Look at this piece of code. (compiles on MSVC++, doesn't compile on gcc and clang)

#include <iostream>

using namespace std;

template<bool CONDITION, typename THEN, typename ELSE>
struct IF
{
    template<bool C>
    struct selector { using selected = THEN; };

    template<>
    struct selector<false> { using selected = ELSE; };

    using result = typename selector<CONDITION>::selected;
};

It says: "error: explicit specialization of 'selector' in class scope"

Reading around on the internet, it turned out I need to export the struct specialization outside the struct(first question: WHY???)

So I tried:

#include <iostream>

using namespace std;

template<bool CONDITION, typename THEN, typename ELSE>
struct IF
{
     template<bool C>
     struct selector { using selected = THEN; };

//      template<>
//	struct selector<false> { using selected = ELSE; };

     using result = typename selector<CONDITION>::selected;
};

// SPECIALIZATION OUTSIDE THE CLASS!
template<>
struct IF::selector<false> { using selected = ELSE; };

The problem now is that it says I need to specify template arguments for IF, on line

struct IF<...here...>::selector<false> { using selected = ELSE; };

What do I write there?
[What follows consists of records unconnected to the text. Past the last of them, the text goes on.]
lemma field_jacobian_eigenvector_rows:
  fixes V :: "complex vec"
  assumes n: "n \<ge> 1" and A: "A \<in> carrier_mat n n" and V: "V \<in> carrier_vec (n+2)"
    and ev: "map_mat complex_of_real (field_jacobian n A theta eta kp w) *\<^sub>v V = l \<cdot>\<^sub>v V"
  shows "\<forall>i<n. l * V $ i = (\<Sum>k<n. complex_of_real (A $$ (i,k)) * V $ k)
           - (if i = n-1 then complex_of_real (kp * w $ (n+1)) * V $ (n-1)
                + complex_of_real (kp * w $ (n-1)) * V $ (n+1) else 0)" (is "\<forall>i<n. ?x_row i")
    and "l * V $ n = - (complex_of_real (kp * eta * w $ (n+1)) * V $ n
           + complex_of_real (kp * eta * w $ n) * V $ (n+1))" (is ?z1_row)
    and "l * V $ (n+1) = complex_of_real theta * V $ (n-1)
           - (complex_of_real (kp * eta * w $ (n+1)) * V $ n + complex_of_real (kp * eta * w $ n) * V $ (n+1))"
      (is ?z2_row)
proof -
  let ?J = "map_mat complex_of_real (field_jacobian n A theta eta kp w)"
  have J: "?J \<in> carrier_mat (n+2) (n+2)" by (simp add: field_jacobian_def)
  have row: "l * V $ i = (\<Sum>k<n. ?J $$ (i,k) * V $ k) + ?J $$ (i,n) * V $ n + ?J $$ (i,n+1) * V $ (n+1)"
    if "i < n+2" for i
    using arg_cong[OF ev, of "\<lambda>u. u $ i"] mult_mat_vec_index_sum[OF J V that] V that by simp
  have N: "n - 1 < n" using n by simp
  show "\<forall>i<n. ?x_row i"
  proof (intro allI impI)
    fix i assume i: "i < n"
    have "(\<Sum>k<n. ?J $$ (i,k) * V $ k) = (\<Sum>k<n. complex_of_real (A $$ (i,k)) * V $ k
        - (if k = n-1 then (if i = n-1 then complex_of_real (kp * w $ (n+1)) * V $ k else 0) else 0))"
      using i n by (intro sum.cong) (auto simp: field_jacobian_def algebra_simps)
    also have "\<dots> = (\<Sum>k<n. complex_of_real (A $$ (i,k)) * V $ k)
        - (if i = n-1 then complex_of_real (kp * w $ (n+1)) * V $ (n-1) else 0)"
      using N by (simp add: sum_subtractf)
    finally show "?x_row i" using row[of i] i N by (simp add: field_jacobian_def)
  qed
  have "(\<Sum>k<n. ?J $$ (n,k) * V $ k) = 0" by (intro sum.neutral) (auto simp: field_jacobian_def)
  then show ?z1_row using row[of n] by (simp add: field_jacobian_def)
  have "(\<Sum>k<n. ?J $$ (n+1,k) * V $ k) = (\<Sum>k<n. if k = n-1 then complex_of_real theta * V $ k else 0)"
    by (intro sum.cong) (auto simp: field_jacobian_def)
  also have "\<dots> = complex_of_real theta * V $ (n-1)" using N by simp
  finally show ?z2_row using row[of "n+1"] N by (simp add: field_jacobian_def)
qed

locale integral_feedback =
  fixes n :: nat and A :: "real mat" and b0 :: "real vec" and mu theta eta kp :: real
  assumes n_pos: "n \<ge> 1" and A: "A \<in> carrier_mat n n" and metz: "metzler A" and hur: "hurwitz A"
    and b0: "b0 \<in> carrier_vec n" and mu: "mu > 0" and theta: "theta > 0"
    and eta: "eta > 0" and kp: "kp > 0"
    and r_less_g0: "mu / theta < - (minv A *\<^sub>v b0) $ (n-1)"
begin

definition r :: real where "r = mu / theta"
definition g0 :: real where "g0 = - (minv A *\<^sub>v b0) $ (n-1)"
definition gn :: real where "gn = - (minv A $$ (n-1, n-1))"
definition u_star :: real where "u_star = (g0 - r) / (gn * r)"

text \<open>The steady state of the x-subsystem under the constant input c = kp x_n z_2.\<close>

definition x_steady :: "real \<Rightarrow> real vec" where
  "x_steady c = - (minv A *\<^sub>v (b0 - c \<cdot>\<^sub>v unit_vec n (n-1)))"

definition equilibrium :: "real vec" where
  "equilibrium = vec (n+2) (\<lambda>i. if i < n then x_steady (r * u_star) $ i
                              else if i = n then mu / (eta * u_star) else u_star / kp)"

lemmas A_inverse = minv_metzler_hurwitz[OF A metz hur]

lemma last_less: "n - 1 < n"
  using n_pos by simp

lemma r_pos: "r > 0"
  using mu theta by (simp add: r_def)

lemma gn_pos: "gn > 0"
  using minv_metzler_hurwitz_diag_neg[OF A metz hur last_less] by (simp add: gn_def)

lemma u_star_pos: "u_star > 0"
proof -
  have "r < g0" using r_less_g0 by (simp add: r_def g0_def)
  then show ?thesis unfolding u_star_def using gn_pos r_pos by simp
qed

lemma dim_x_steady [simp]: "dim_vec (x_steady c) = n"
  using A_inverse(1) by (simp add: x_steady_def)

lemma x_steady_nth: "k < n \<Longrightarrow> x_steady c $ k = c * minv A $$ (k, n-1) - (minv A *\<^sub>v b0) $ k"
  using A_inverse(1) b0 last_less by (simp add: x_steady_def mult_minus_distrib_mat_vec mult_mat_vec)

lemma x_steady_last: "x_steady c $ (n-1) = g0 - c * gn"
  using x_steady_nth[OF last_less] by (simp add: g0_def gn_def)

lemma A_mult_x_steady: "A *\<^sub>v x_steady c = c \<cdot>\<^sub>v unit_vec n (n-1) - b0"
proof -
  let ?u = "b0 - c \<cdot>\<^sub>v unit_vec n (n-1)"
  have u: "?u \<in> carrier_vec n" using b0 by simp
  have "A *\<^sub>v (minv A *\<^sub>v ?u) = ?u"
    using assoc_mult_mat_vec[OF A A_inverse(1) u] A_inverse(2) u by simp
  moreover have "A *\<^sub>v (- v) = - (A *\<^sub>v v)" if "v \<in> carrier_vec n" for v :: "real vec"
    using A that by (intro eq_vecI) auto
  ultimately have "A *\<^sub>v x_steady c = - ?u" using A_inverse(1) u by (simp add: x_steady_def)
  then show ?thesis using b0 by (intro eq_vecI) auto
qed

lemma x_steady_unique:
  fixes x :: "real vec"
  assumes x: "x \<in> carrier_vec n" and Ax: "A *\<^sub>v x = c \<cdot>\<^sub>v unit_vec n (n-1) - b0"
  shows "x = x_steady c"
proof -
  have "x = minv A *\<^sub>v (c \<cdot>\<^sub>v unit_vec n (n-1) - b0)"
    using assoc_mult_mat_vec[OF A_inverse(1) A x] A_inverse(3) x by (simp add: Ax)
  then show ?thesis
    using A_inverse(1) b0 last_less x by (intro eq_vecI) (auto simp: x_steady_nth mult_minus_distrib_mat_vec mult_mat_vec)
qed

lemma equilibria: "{w \<in> carrier_vec (n+2). field n A b0 mu theta eta kp w = 0\<^sub>v (n+2)} = {equilibrium}"
proof -
  have eq_x: "vec n (\<lambda>k. equilibrium $ k) = x_steady (r * u_star)"
    using A_inverse(1) by (intro eq_vecI) (auto simp: equilibrium_def x_steady_def)
  have eq_last: "equilibrium $ (n-1) = r"
    using x_steady_last gn_pos r_pos last_less by (simp add: equilibrium_def u_star_def)
  have "field n A b0 mu theta eta kp equilibrium = 0\<^sub>v (n+2)"
    using A_mult_x_steady eq_x eq_last kp eta u_star_pos theta
    by (subst field_eq_zero_iff[OF A b0]) (auto simp: equilibrium_def r_def)
  moreover have "w = equilibrium"
    if w: "w \<in> carrier_vec (n+2)" and zero: "field n A b0 mu theta eta kp w = 0\<^sub>v (n+2)" for w
  proof -
    define c where "c = kp * w $ (n-1) * w $ (n+1)"
    note eqs = zero[unfolded field_eq_zero_iff[OF A b0], folded c_def]
    have "theta * w $ (n-1) = mu" using eqs by simp
    then have w_last: "w $ (n-1) = r" using theta by (simp add: r_def field_simps)
    have x: "vec n (\<lambda>k. w $ k) = x_steady c" using eqs by (intro x_steady_unique) auto
    then have "r = g0 - c * gn" using x_steady_last w_last last_less by (metis index_vec)
    then have "c = (g0 - r) / gn" using gn_pos by (simp add: field_simps)
    also have "\<dots> = r * u_star" using r_pos by (simp add: u_star_def)
    finally have c: "c = r * u_star" .
    then have z2: "w $ (n+1) = u_star / kp" using w_last r_pos kp by (simp add: c_def field_simps)
    then have z1: "w $ n = mu / (eta * u_star)" using eqs kp eta u_star_pos by (simp add: field_simps)
    show ?thesis
    proof (rule eq_vecI)
      fix i assume "i < dim_vec equilibrium"
      then consider "i < n" | "i = n" | "i = n+1" by (fastforce simp: equilibrium_def)
      then show "w $ i = equilibrium $ i"
        using arg_cong[OF x, of "\<lambda>x. x $ i"] c z1 z2 by cases (auto simp: equilibrium_def)
    qed (use w in \<open>simp add: equilibrium_def\<close>)
  qed
  ultimately show ?thesis by (auto simp: equilibrium_def)
qed

lemma jacobian_hurwitz: "hurwitz (jacobian (field n A b0 mu theta eta kp) equilibrium)"
proof -
  let ?J = "field_jacobian n A theta eta kp equilibrium"
  have J: "jacobian (field n A b0 mu theta eta kp) equilibrium = ?J"
    by (rule jacobian_field[OF n_pos A]) (simp add: equilibrium_def)
  have "Re l < 0" if ev: "eigenvalue (map_mat complex_of_real ?J) l" for l
  proof (rule ccontr)
    assume "\<not> Re l < 0"
    then have l: "Re l \<ge> 0" by simp
    have dim: "dim_row (map_mat complex_of_real ?J) = n+2" by (simp add: field_jacobian_def)
    obtain V where V: "V \<in> carrier_vec (n+2)" "V \<noteq> 0\<^sub>v (n+2)" "map_mat complex_of_real ?J *\<^sub>v V = l \<cdot>\<^sub>v V"
      using ev unfolding eigenvalue_def eigenvector_def dim by blast
    have vals: "kp * equilibrium $ (n+1) = u_star" "kp * eta * equilibrium $ (n+1) = eta * u_star"
      "kp * eta * equilibrium $ n = kp * mu / u_star" "equilibrium $ (n-1) = r"
      using kp eta u_star_pos x_steady_last gn_pos r_pos last_less by (simp_all add: equilibrium_def u_star_def)
    note rows = field_jacobian_eigenvector_rows[OF n_pos A V(1,3), unfolded vals]
    have pos: "eta * u_star > 0" "kp * mu / u_star > 0" "kp * r > 0"
      using eta u_star_pos kp mu r_pos by simp_all
    have "(\<forall>k<n. V $ k = 0) \<and> V $ n = 0 \<and> V $ (n+1) = 0"
      by (rule closed_loop_unstable_eigenvector_zero[OF A metz hur n_pos u_star_pos pos theta l rows])
    then have "V = 0\<^sub>v (n+2)"
      using V(1) by (intro eq_vecI) (auto simp: less_Suc_eq)
    with V(2) show False by simp
  qed
  moreover have "dim_row ?J = dim_col ?J" by (simp add: field_jacobian_def)
  ultimately show ?thesis unfolding hurwitz_def J by blast
qed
How do I go on at this point?

Last edited on Jul 2, 2016 at 12:46pm

Jul 2, 2016 at 2:02pm

JLBorges (13770)

The C++ standard does not allow explicit specialization of a member of a class at class scope.

A canonical work-around to allow what in effect would behave like an explicit specialization inside the class is to use an extra unused template parameter with a default value:

template<bool CONDITION, typename THEN, typename ELSE>
struct IF
{
    template< bool C, typename fake = void >
    struct selector { using selected = THEN; };

    template< typename fake >
    struct selector<false,fake> { using selected = ELSE; };

    using result = typename selector<CONDITION>::selected;
};

Note: The standard library has std::conditional<> http://en.cppreference.com/w/cpp/types/conditional

Jul 2, 2016 at 2:07pm

gedamial (313)

Note: The standard library has std::conditional<>

I know about std::conditional<>, otherwise I couldn't have ever imagined to do something similar ^^

The C++ standard does not allow explicit specialization of a member of a class at class scope.

Seems a pretty strange decision. Who knows... they must have their reasons...

What is stranger is that MSVC++ compiles fine... should I be worried?

Last edited on Jul 2, 2016 at 2:08pm

Jul 2, 2016 at 2:22pm

JLBorges (13770)

> Seems a pretty strange decision. Who knows... they must have their reasons...

See: http://www.cplusplus.com/forum/general/58906/#msg318049

> What is stranger is that MSVC++ compiles fine... should I be worried?

No. For this, the Microsoft compilers are known to be non-conforming.
(Not sure if they fixed it in the recent Update 3.)

Topic archived. No new replies allowed.